I asked Claude Code to improve itself. Here's what it built.
I’ve been using Claude Code daily for months. Building features, debugging, deploying. The usual loop. Last week I asked a different kind of question.
Not “write this function” or “fix this bug.” I asked: What would make you work better?
I expected something generic. Maybe “add more comments to your code.” Instead, it scanned all 8 projects in my Development directory, checked what was running on my VPS, looked at my CLAUDE.md files, my task management, my deploy scripts — and came back with a structured improvement plan.
Then I told it to execute.
What it built
Over 8 sessions, Claude Code built its own operating system on top of mine. Not product code. Infrastructure for itself.
8 new skills. /morning runs a full daily standup — P0 tasks across all projects, CI status, VPS health, stale branches, focus suggestion. Replaced me manually checking 8 repos every morning. /switchto reads a project’s CLAUDE.md, shows tasks and git state, orients in 3 seconds instead of 30. /testit auto-detects the project and runs the right test suite — Vitest, Playwright, or Gradle — no more remembering which command goes where. /dbops handles migrations, backups, seeds, and schema inspection across every database. /depcheck audits dependencies across all projects, flags vulnerabilities. /update-dep updates a shared dependency everywhere and creates PRs for the ones that pass. /blogpost runs an end-to-end pipeline from outline to deploy, on both my sites.
3 hooks. Smart startup replaced a basic git pull with a full context dump — P0 tasks, uncommitted work, CI status — so every session opens aware. A typecheck guard runs tsc --noEmit before any commit, catching errors before CI sees them. A task auto-update hook marks tasks done when a commit message references them.
13 memory files. Context about all 8 projects — what they do, how they connect, what patterns they follow. Stack choices, deploy patterns, code style. Before this, every session started cold. Now it starts knowing.
3 new CLAUDE.md files for repos that didn’t have them. tRPC patterns for fincherry, tiered LLM routing for cherryagent, the JSON stdout contract for auto-ads.

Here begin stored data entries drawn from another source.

text \<open>
  Because \<open>\<phi>^n x_{\<gamma>,1}\<close> is \<open>x_{\<gamma>,n+1}\<close> for \<open>n < k_\<gamma>\<close> and \<open>0\<close> otherwise,
  \<open>\<Phi>(f) = \<Sum>_\<gamma> \<Sum>_{n<k_\<gamma>} f_{\<gamma>,n} x_{\<gamma>,n+1}\<close>: the coefficients of \<open>f\<close> below the degrees
  \<open>k_\<gamma>\<close> are the coordinates of \<open>\<Phi>(f)\<close> in \<open>M = \<Oplus> R x_{\<gamma>,i}\<close>. Hence \<open>\<Phi>\<close> is onto, and by
  uniqueness of coordinates \<open>\<Phi>(f) = 0\<close> iff \<open>f_\<gamma>(t) \<ast> x_{\<gamma>,1} = 0\<close> for every \<open>\<gamma>\<close>. Since
  \<open>(g f) \<ast> u = g \<ast> (f \<ast> u)\<close>, this condition survives left multiplication by arbitrary \<open>g_\<gamma>(t)\<close>,
  so the kernel is a left ideal even of the direct power. Finally \<open>J(R)\<close> annihilates the simple
  modules \<open>R x_{\<gamma>,i}\<close> and multiples of \<open>t^{k_\<gamma>}\<close> have no coefficients below \<open>k_\<gamma>\<close>, so every
  \<open>f_\<gamma>(t) \<in> J(R)[t] + (t^{k_\<gamma>})\<close> kills \<open>x_{\<gamma>,1}\<close>.
\<close>

section \<open>Left modules\<close>

context
  fixes smul :: "'r::ring_1 \<Rightarrow> 'm::ab_group_add \<Rightarrow> 'm"
  assumes M: "left_module smul"
begin

lemma smul_add_right: "smul r (a + b) = smul r a + smul r b"
  using M unfolding left_module_def by blast

lemma smul_add_left: "smul (r + s) a = smul r a + smul s a"
  using M unfolding left_module_def by blast

lemma smul_mult: "smul (r * s) a = smul r (smul s a)"
  using M unfolding left_module_def by blast

lemma smul_one [simp]: "smul 1 a = a"
  using M unfolding left_module_def by blast

lemma smul_zero_left [simp]: "smul 0 a = 0"
  using smul_add_left[of 0 0 a] by simp

lemma smul_zero_right [simp]: "smul r 0 = 0"
  using smul_add_right[of r 0 0] by simp

lemma smul_minus_left: "smul (- r) a = - smul r a"
  using smul_add_left[of "- r" r a] by (simp add: eq_neg_iff_add_eq_0)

7 CLI tools — jq, yq, hyperfine, delta, tokei, just, watchexec. Some unblocked the hooks from working at all.
12 unused MCP servers disabled. Linear, Slack, Discord, Firebase, and 8 others that were connected but never called. Dead weight, removed.
And a dashboard — a PWA showing CI status, task counts, git state, and VPS meters across every project. Auto-refreshes. Push notifications for failures.
What moved the needle
Not everything mattered equally.
Memory files and CLAUDE.md files were the highest-impact change. Before, every session was a cold start — the agent re-discovering project structure, conventions, relationships it had already understood in a previous conversation. After, it starts with context. Fewer wrong assumptions. Less time reading code it already knows.

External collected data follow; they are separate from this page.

lemma AE_sq_dev_pos:
  assumes "CARD('n::finite) \<ge> 2"
  shows "AE x in (lborel :: (real^'n) measure). 0 < sq_dev x"
proof -
  obtain a b :: 'n where "a \<noteq> b"
    using assms card_le_Suc0_iff_eq[of "UNIV :: 'n set"] by fastforce
  define w :: "real^'n" where "w = axis a 1 - axis b 1"
  have "w \<noteq> 0"
    using \<open>a \<noteq> b\<close> by (auto simp: w_def vec_eq_iff axis_def)
  then have "negligible {x. w \<bullet> x = 0}"
    by (simp add: negligible_hyperplane)
  then have null: "{x. w \<bullet> x = 0} \<in> null_sets lborel"
    by (simp add: negligible_iff_null_sets null_sets_completion_iff closed_hyperplane)
  show ?thesis
  proof (rule AE_I'[OF null], safe)
    fix x :: "real^'n"
    assume "\<not> 0 < sq_dev x"
    then have "(x$a - x$b)^2 \<le> 0"
      using diff_sq_le_sq_dev[of x a b] sq_dev_nonneg[of x] by simp
    then show "w \<bullet> x = 0"
      by (simp add: w_def inner_diff_left inner_axis')
  qed
qed

section \<open>Weak connectivity and the Dirichlet form\<close>

definition dirichlet_form :: "('n::finite \<Rightarrow> 'n \<Rightarrow> real) \<Rightarrow> real^'n \<Rightarrow> real" where
  "dirichlet_form A x = (\<Sum>i\<in>UNIV. \<Sum>j\<in>UNIV. A i j * (x$i - x$j)^2)"

lemma dirichlet_form_nonneg: "(\<And>i j. 0 \<le> A i j) \<Longrightarrow> 0 \<le> dirichlet_form A x"
  unfolding dirichlet_form_def by (intro sum_nonneg) simp

lemma weighted_diff_sq_le_dirichlet_form:
  assumes "\<And>i j. 0 \<le> A i j"
  shows "A u v * (x$u - x$v)^2 \<le> dirichlet_form A x"
proof -
  have "A u v * (x$u - x$v)^2 \<le> (\<Sum>j\<in>UNIV. A u j * (x$u - x$j)^2)"
    by (rule member_le_sum) (use assms in auto)
  also have "\<dots> \<le> dirichlet_form A x"
    unfolding dirichlet_form_def by (rule member_le_sum) (use assms in \<open>auto intro!: sum_nonneg\<close>)
  finally show ?thesis .
qed

lemma edge_diff_le_dirichlet_form:
  assumes "\<And>i j. 0 \<le> A i j" and "0 < A u v + A v u"
  shows "\<bar>x$u - x$v\<bar> \<le> sqrt (2 / (A u v + A v u)) * sqrt (dirichlet_form A x)"
proof -
  have "(A u v + A v u) * (x$u - x$v)^2 \<le> 2 * dirichlet_form A x"
    using weighted_diff_sq_le_dirichlet_form[of A u v x, OF assms(1)]
      weighted_diff_sq_le_dirichlet_form[of A v u x, OF assms(1)]
    by (simp add: power2_commute[of "x$v"] algebra_simps)
  then have "(x$u - x$v)^2 \<le> 2 / (A u v + A v u) * dirichlet_form A x"
    using assms(2) by (simp add: field_simps mult.commute)
  then show ?thesis
    by (metis real_sqrt_abs real_sqrt_le_mono real_sqrt_mult)
qed

lemma path_diff_le_dirichlet_form:
  assumes nonneg: "\<And>i j. 0 \<le> A i j"
    and path: "(i, j) \<in> {(u, v). A u v > 0 \<or> A v u > 0}\<^sup>*"
  shows "\<exists>C\<ge>0. \<forall>x. \<bar>x$i - x$j\<bar> \<le> C * sqrt (dirichlet_form A x)"
  using path
proof (induction rule: rtrancl_induct)
  case base
  show ?case
    by (intro exI[of _ 0]) auto
next
  case (step y z)
  obtain C where C: "C \<ge> 0" "\<forall>x. \<bar>x$i - x$y\<bar> \<le> C * sqrt (dirichlet_form A x)"
    using step.IH by blast
  let ?C' = "sqrt (2 / (A y z + A z y))"
  have pos: "0 < A y z + A z y"
    using step.hyps(2) nonneg[of y z] nonneg[of z y] by auto
  then have edge: "\<bar>x$y - x$z\<bar> \<le> ?C' * sqrt (dirichlet_form A x)" for x
    by (rule edge_diff_le_dirichlet_form[of A, OF nonneg])
  then have "\<bar>x$i - x$z\<bar> \<le> (C + ?C') * sqrt (dirichlet_form A x)" for x
  proof -
    have "\<bar>x$i - x$z\<bar> \<le> \<bar>x$i - x$y\<bar> + \<bar>x$y - x$z\<bar>"
      using abs_triangle_ineq[of "x$i - x$y" "x$y - x$z"] by simp
    also have "\<dots> \<le> C * sqrt (dirichlet_form A x) + ?C' * sqrt (dirichlet_form A x)"
      using C(2) edge[of x] by (intro add_mono) auto
    finally show ?thesis
      by (simp add: distrib_right)
  qed
  then show ?case
    using C(1) pos by (intro exI[of _ "C + ?C'"]) auto
qed

lemma weakly_connected_diff_le_dirichlet_form:
  fixes A :: "'n::finite \<Rightarrow> 'n \<Rightarrow> real"
  assumes nonneg: "\<And>i j. 0 \<le> A i j" and "weakly_connected A"
  obtains C where "\<And>x i j. \<bar>x$i - x$j\<bar> \<le> C * sqrt (dirichlet_form A x)"
proof -
  have "\<forall>p::'n \<times> 'n. \<exists>C\<ge>0. \<forall>x. \<bar>x$fst p - x$snd p\<bar> \<le> C * sqrt (dirichlet_form A x)"
    using assms path_diff_le_dirichlet_form unfolding weakly_connected_def by blast
  then obtain Cp where Cp: "\<And>p. Cp p \<ge> 0"
    "\<And>p x. \<bar>x$fst p - x$snd p\<bar> \<le> Cp p * sqrt (dirichlet_form A x)"
    by metis
  have "\<bar>x$i - x$j\<bar> \<le> (\<Sum>p\<in>UNIV. Cp p) * sqrt (dirichlet_form A x)" for x i j
  proof -
    have "Cp (i, j) \<le> (\<Sum>p\<in>UNIV. Cp p)"
      by (rule member_le_sum) (simp_all add: Cp(1))
    then have "Cp (i, j) * sqrt (dirichlet_form A x) \<le> (\<Sum>p\<in>UNIV. Cp p) * sqrt (dirichlet_form A x)"
      by (rule mult_right_mono) (simp add: dirichlet_form_nonneg nonneg)
    then show ?thesis
      using Cp(2)[where p = "(i, j)" and x = x] by simp
  qed
  then show ?thesis
    by (rule that)
qed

The smart startup hook was second. A silent git pull became “27 P0 tasks found across projects. Repo up to date on main.” I know the state of things before I type a word.
/switchto solved real friction. “Now work on fincherry” — the agent reads CLAUDE.md, checks tasks, shows recent commits. Oriented in seconds. No more ramp-up.
The typecheck hook is small but kills a loop I lived in: commit, CI fails on types, fix, commit again. Now it catches that before the commit happens.
The rest — /testit, /dbops, /depcheck, /update-dep — are solid convenience. They save time on commands I’d otherwise look up or type wrong. But they don’t change how the agent thinks. They’re tooling built on top of the foundation that memory and context provide.
The question developers forget to ask
Every developer I know customizes their editor. Their shell. Their dotfiles. Terminal theme, git aliases, keyboard shortcuts. Hours making the environment feel right.
But the AI agent? Runs stock. Same blank slate every session. Same cold start. Same lack of context about how you work, what you’ve built, how your projects connect.
The instinct that makes you spend an afternoon on your neovim config should make you spend an afternoon on your agent’s config. Same thing — shaping a tool to fit the way you think.
I didn’t write a single line of product code in those 8 sessions. Every session since has been faster because of it.